definition connected_set :: "'a set \<Rightarrow> ('a \<Rightarrow> 'a \<Rightarrow> bool) \<Rightarrow> 'a set \<Rightarrow> bool" where
  "connected_set V E C \<longleftrightarrow> C \<noteq> {} \<and> C \<subseteq> V \<and>
     (\<forall>u\<in>C. \<forall>v\<in>C. (\<lambda>x y. E x y \<and> x \<in> C \<and> y \<in> C)\<^sup>*\<^sup>* u v)"

definition graph_connected :: "'a set \<Rightarrow> ('a \<Rightarrow> 'a \<Rightarrow> bool) \<Rightarrow> bool" where
  "graph_connected V E \<longleftrightarrow> connected_set V E V"

definition is_tree :: "'a set \<Rightarrow> ('a \<Rightarrow> 'a \<Rightarrow> bool) \<Rightarrow> bool" where
  "is_tree V E \<longleftrightarrow> simple_graph V E \<and> graph_connected V E \<and> card (edges V E) = card V - 1"

definition nRel :: "'a set \<Rightarrow> ('a \<Rightarrow> 'a \<Rightarrow> bool) \<Rightarrow> real \<Rightarrow> real" where
  "nRel V E p = (\<Sum>C\<in>{C. connected_set V E C}. p ^ card C * (1 - p) ^ (card V - card C))"

definition inflection_point :: "(real \<Rightarrow> real) \<Rightarrow> real \<Rightarrow> bool" where
  "inflection_point f x \<longleftrightarrow> (\<exists>d>0.
     ((\<forall>y. x - d < y \<and> y < x \<longrightarrow> deriv (deriv f) y < 0) \<and>
      (\<forall>y. x < y \<and> y < x + d \<longrightarrow> deriv (deriv f) y > 0)) \<or>
     ((\<forall>y. x - d < y \<and> y < x \<longrightarrow> deriv (deriv f) y > 0) \<and>
      (\<forall>y. x < y \<and> y < x + d \<longrightarrow> deriv (deriv f) y < 0)))"

end

theory Submission
  imports Defs "HOL-Computational_Algebra.Polynomial"
begin

text \<open>The node reliability f of a tree on n vertices is a polynomial with f(0) = 0, f(1) = 1,
  f'(0) = n (only singletons contribute) and f'(1) = n minus the number of connected (n-1)-sets.
  A tree on at least 3 vertices has a cut vertex (without one every vertex would have degree at
  least 2, giving at least n edges), so f'(1) \<ge> 1. Since f'(0) > f(1) - f(0) = 1 \<le> f'(1),
  the mean value theorem makes f'' negative somewhere and positive somewhere in (0, 1), and a real
  polynomial taking both signs changes sign at a root of odd multiplicity.\<close>

lemma isCont_sign_stable:
  fixes h :: "real \<Rightarrow> real"
  assumes "isCont h x" and "h x \<noteq> 0"
  shows "\<exists>e>0. \<forall>y. \<bar>y - x\<bar> < e \<longrightarrow> h x * h y > 0"
proof -
  have "((\<lambda>y. h x * h y) \<longlongrightarrow> h x * h x) (nhds x)"
    using assms(1) by (intro tendsto_intros) (simp add: isCont_def tendsto_at_iff_tendsto_nhds)
  moreover have "h x * h x > 0" using assms(2) by (simp add: not_square_less_zero less_le)
  ultimately have "eventually (\<lambda>y. h x * h y > 0) (nhds x)" by (rule order_tendstoD)
  then show ?thesis by (simp add: eventually_nhds_metric dist_real_def)
qed

text \<open>Phrased with products, so that both sign patterns allowed by inflection_point are covered.\<close>
definition changes_sign_at :: "(real \<Rightarrow> real) \<Rightarrow> real \<Rightarrow> bool" where
  "changes_sign_at f x \<longleftrightarrow>
     (\<exists>d>0. \<forall>y z. x - d < y \<and> y < x \<and> x < z \<and> z < x + d \<longrightarrow> f y * f z < 0)"

lemma changes_sign_at_mult:
  assumes "changes_sign_at f x" and "isCont h x" and "h x \<noteq> 0"
  shows "changes_sign_at (\<lambda>y. h y * f y) x"
proof -
  obtain d where d: "d > 0" "\<And>y z. x - d < y \<Longrightarrow> y < x \<Longrightarrow> x < z \<Longrightarrow> z < x + d \<Longrightarrow> f y * f z < 0"
    using assms(1) unfolding changes_sign_at_def by blast
  obtain e where e: "e > 0" "\<And>y. \<bar>y - x\<bar> < e \<Longrightarrow> h x * h y > 0"
    using isCont_sign_stable[OF assms(2,3)] by blast
  have "h y * f y * (h z * f z) < 0"
    if "x - min d e < y" "y < x" "x < z" "z < x + min d e" for y z
  proof -
    have "h x * h x * (h y * h z) > 0"
      using mult_pos_pos[OF e(2) e(2), of y z] that by (simp add: ac_simps)
    then have "h y * h z > 0"
      by (simp add: zero_less_mult_iff)
    moreover have "f y * f z < 0" using d that by simp
    ultimately have "(h y * h z) * (f y * f z) < 0" by (rule mult_pos_neg)
    then show ?thesis by (simp add: ac_simps)
  qed
  then show ?thesis unfolding changes_sign_at_def using d(1) e(1) by (intro exI[of _ "min d e"]) auto
qed

lemma changes_sign_at_imp_zero:
  assumes "changes_sign_at f x" and "isCont f x"
  shows "f x = 0"
proof (rule ccontr)
  assume "f x \<noteq> 0"
  with assms have "changes_sign_at (\<lambda>y. f y * f y) x" by (intro changes_sign_at_mult)
  then obtain d where d: "d > 0"
    "\<And>y z. x - d < y \<Longrightarrow> y < x \<Longrightarrow> x < z \<Longrightarrow> z < x + d \<Longrightarrow> f y * f y * (f z * f z) < 0"
    unfolding changes_sign_at_def by blast
  have "f (x - d/2) * f (x - d/2) * (f (x + d/2) * f (x + d/2)) < 0"
    using d by (intro d(2)) auto
  then show False by (simp add: mult_less_0_iff)
qed

text \<open>Split off a root r of multiplicity k: for odd k the sign changes at r, for even k the
  cofactor of smaller degree still changes sign between a and b.\<close>
lemma poly_changes_sign_between:
  fixes q :: "real poly"
  assumes "a < b" and "poly q a * poly q b < 0"
  shows "\<exists>x\<in>{a<..<b}. changes_sign_at (poly q) x"
  using assms
proof (induction "degree q" arbitrary: q rule: less_induct)
  case less
  then have "q \<noteq> 0" by auto
  obtain r where r: "a < r" "r < b" "poly q r = 0" using poly_IVT[OF less.prems] by blast
  define k where "k = order r q"
  obtain g where q: "q = [:-r, 1:] ^ k * g" and "\<not> [:-r, 1:] dvd g"
    using order_decomp[OF \<open>q \<noteq> 0\<close>] unfolding k_def by blast
  then have gr: "poly g r \<noteq> 0" by (simp add: poly_eq_0_iff_dvd)
  have poly_q: "poly q = (\<lambda>y. (y - r) ^ k * poly g y)"
    using q by (simp add: poly_power fun_eq_iff)
  show ?case
  proof (cases "odd k")
    case True
    have "changes_sign_at (\<lambda>y. (y - r) ^ k) r"
      unfolding changes_sign_at_def using True
      by (intro exI[of _ 1]) (auto intro: mult_neg_pos simp: power_less_zero_eq)
    then have "changes_sign_at (\<lambda>y. poly g y * (y - r) ^ k) r"
      by (rule changes_sign_at_mult) (simp_all add: gr)
    then show ?thesis using r by (auto simp: poly_q mult.commute)
  next
    case False
    have "k \<noteq> 0" using r(3) \<open>q \<noteq> 0\<close> order_root k_def by blast
    have "0 \<le> (a - r) ^ k * (b - r) ^ k" using False by (simp add: zero_le_even_power)
    moreover have "poly q a * poly q b = (a - r) ^ k * (b - r) ^ k * (poly g a * poly g b)"
      by (simp add: poly_q ac_simps)
    ultimately have "poly g a * poly g b < 0"
      using less.prems(2) by (smt (verit) mult_nonneg_nonneg)
    moreover have "degree q = k + degree g"
      using gr unfolding q by (subst degree_mult_eq) (auto simp: degree_linear_power)
    then have "degree g < degree q" using \<open>k \<noteq> 0\<close> by simp
    ultimately obtain x where x: "x \<in> {a<..<b}" "changes_sign_at (poly g) x"
      using less.hyps less.prems(1) by blast
    then have "x \<noteq> r" using gr changes_sign_at_imp_zero by fastforce
    have "changes_sign_at (\<lambda>y. (y - r) ^ k * poly g y) x"
      using x(2) by (rule changes_sign_at_mult) (use \<open>x \<noteq> r\<close> in simp_all)
    then show ?thesis using x(1) by (auto simp: poly_q)
  qed
qed

lemma poly_changes_sign_in_interval:
  fixes q :: "real poly"
  assumes "a \<in> {l<..<u}" and "b \<in> {l<..<u}" and "poly q a < 0" and "poly q b > 0"
  shows "\<exists>x\<in>{l<..<u}. changes_sign_at (poly q) x"
proof -
  have "a \<noteq> b" using assms(3,4) by auto
  then consider "a < b" | "b < a" by linarith
  then have "\<exists>x\<in>{min a b<..<max a b}. changes_sign_at (poly q) x"
  proof cases
    case 1
    then show ?thesis using poly_changes_sign_between[of a b] assms(3,4) by (simp add: mult_neg_pos)
  next
    case 2
    then show ?thesis using poly_changes_sign_between[of b a] assms(3,4) by (simp add: mult_pos_neg)
  qed
  moreover have "{min a b<..<max a b} \<subseteq> {l<..<u}" using assms(1,2) by auto
  ultimately show ?thesis by blast
qed

lemma poly_pderiv2_neg_if_pderiv_gt_secant:
  fixes P :: "real poly"
  assumes "poly P 1 - poly P 0 < poly (pderiv P) 0"
  shows "\<exists>a\<in>{0<..<1}. poly (pderiv (pderiv P)) a < 0"
proof -
  obtain z where z: "0 < z" "z < 1" "poly P 1 - poly P 0 = poly (pderiv P) z"
    using poly_MVT[of 0 1 P] by auto
  obtain a where a: "0 < a" "a < z"
    "poly (pderiv P) z - poly (pderiv P) 0 = z * poly (pderiv (pderiv P)) a"
    using poly_MVT[OF z(1), of "pderiv P"] by auto
  have "z * poly (pderiv (pderiv P)) a < 0" using a(3) z(3) assms by simp
  then have "poly (pderiv (pderiv P)) a < 0" using z(1) by (simp add: mult_less_0_iff)
  then show ?thesis using a z by auto
qed

text \<open>Otherwise the derivative decreases, so it is at least the secant slope on [0, 1] and
  strictly above it near 0; the mean value theorem on [0, c] and [c, 1] then makes the secant
  slope exceed itself.\<close>
lemma poly_pderiv2_pos_if_pderiv_ge_secant:
  fixes P :: "real poly"
  assumes "poly P 1 - poly P 0 < poly (pderiv P) 0" and "poly P 1 - poly P 0 \<le> poly (pderiv P) 1"
  shows "\<exists>b\<in>{0<..<1}. poly (pderiv (pderiv P)) b > 0"
proof (rule ccontr)
  define s where "s = poly P 1 - poly P 0"
  assume "\<not> ?thesis"
  then have nonpos: "poly (pderiv (pderiv P)) x \<le> 0" if "0 < x" "x < 1" for x
    using that by force
  have antimono: "poly (pderiv P) v \<le> poly (pderiv P) u" if "0 \<le> u" "u \<le> v" "v \<le> 1" for u v
    using that(2)
  proof (rule DERIV_nonpos_imp_decreasing_open)
    show "\<exists>y. (poly (pderiv P) has_real_derivative y) (at x) \<and> y \<le> 0" if "u < x" "x < v" for x
      using nonpos[of x] that \<open>0 \<le> u\<close> \<open>v \<le> 1\<close> by (intro exI[of _ "poly (pderiv (pderiv P)) x"]) auto
  qed (auto intro: continuous_intros)
  have "((\<lambda>y. poly (pderiv P) y) \<longlongrightarrow> poly (pderiv P) 0) (at_right 0)"
    by (intro tendsto_intros)
  then have "\<forall>\<^sub>F y in at_right 0. s < poly (pderiv P) y"
    using assms(1) unfolding s_def by (rule order_tendstoD)
  moreover have "\<forall>\<^sub>F y in at_right 0. 0 < y \<and> y < (1::real)"
    by (auto simp: eventually_at_right_field intro: exI[of _ 1])
  ultimately obtain c where c: "0 < c" "c < 1" "s < poly (pderiv P) c"
    using eventually_happens'[OF trivial_limit_at_right_real] eventually_conj by blast
  obtain z1 where z1: "0 < z1" "z1 < c" "poly P c - poly P 0 = c * poly (pderiv P) z1"
    using poly_MVT[OF c(1), of P] by auto
  obtain z2 where z2: "c < z2" "z2 < 1" "poly P 1 - poly P c = (1 - c) * poly (pderiv P) z2"
    using poly_MVT[OF c(2), of P] by auto
  have "c * s < c * poly (pderiv P) z1"
    using c antimono[of z1 c] z1 by (intro mult_strict_left_mono) auto
  moreover have "(1 - c) * s \<le> (1 - c) * poly (pderiv P) z2"
    using c antimono[of z2 1] z2 assms(2) unfolding s_def by (intro mult_left_mono) auto
  ultimately have "c * s + (1 - c) * s < s" using z1(3) z2(3) unfolding s_def by linarith
  then show False by (simp add: algebra_simps)
qed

• _What is being asked_:
Reproduce, please, the lines of the material from its first line down to the line containing "C \<subseteq> V \<and>", keeping both ends and nothing beyond them.

• _Solution_:
definition connected_set :: "'a set \<Rightarrow> ('a \<Rightarrow> 'a \<Rightarrow> bool) \<Rightarrow> 'a set \<Rightarrow> bool" where
  "connected_set V E C \<longleftrightarrow> C \<noteq> {} \<and> C \<subseteq> V \<and>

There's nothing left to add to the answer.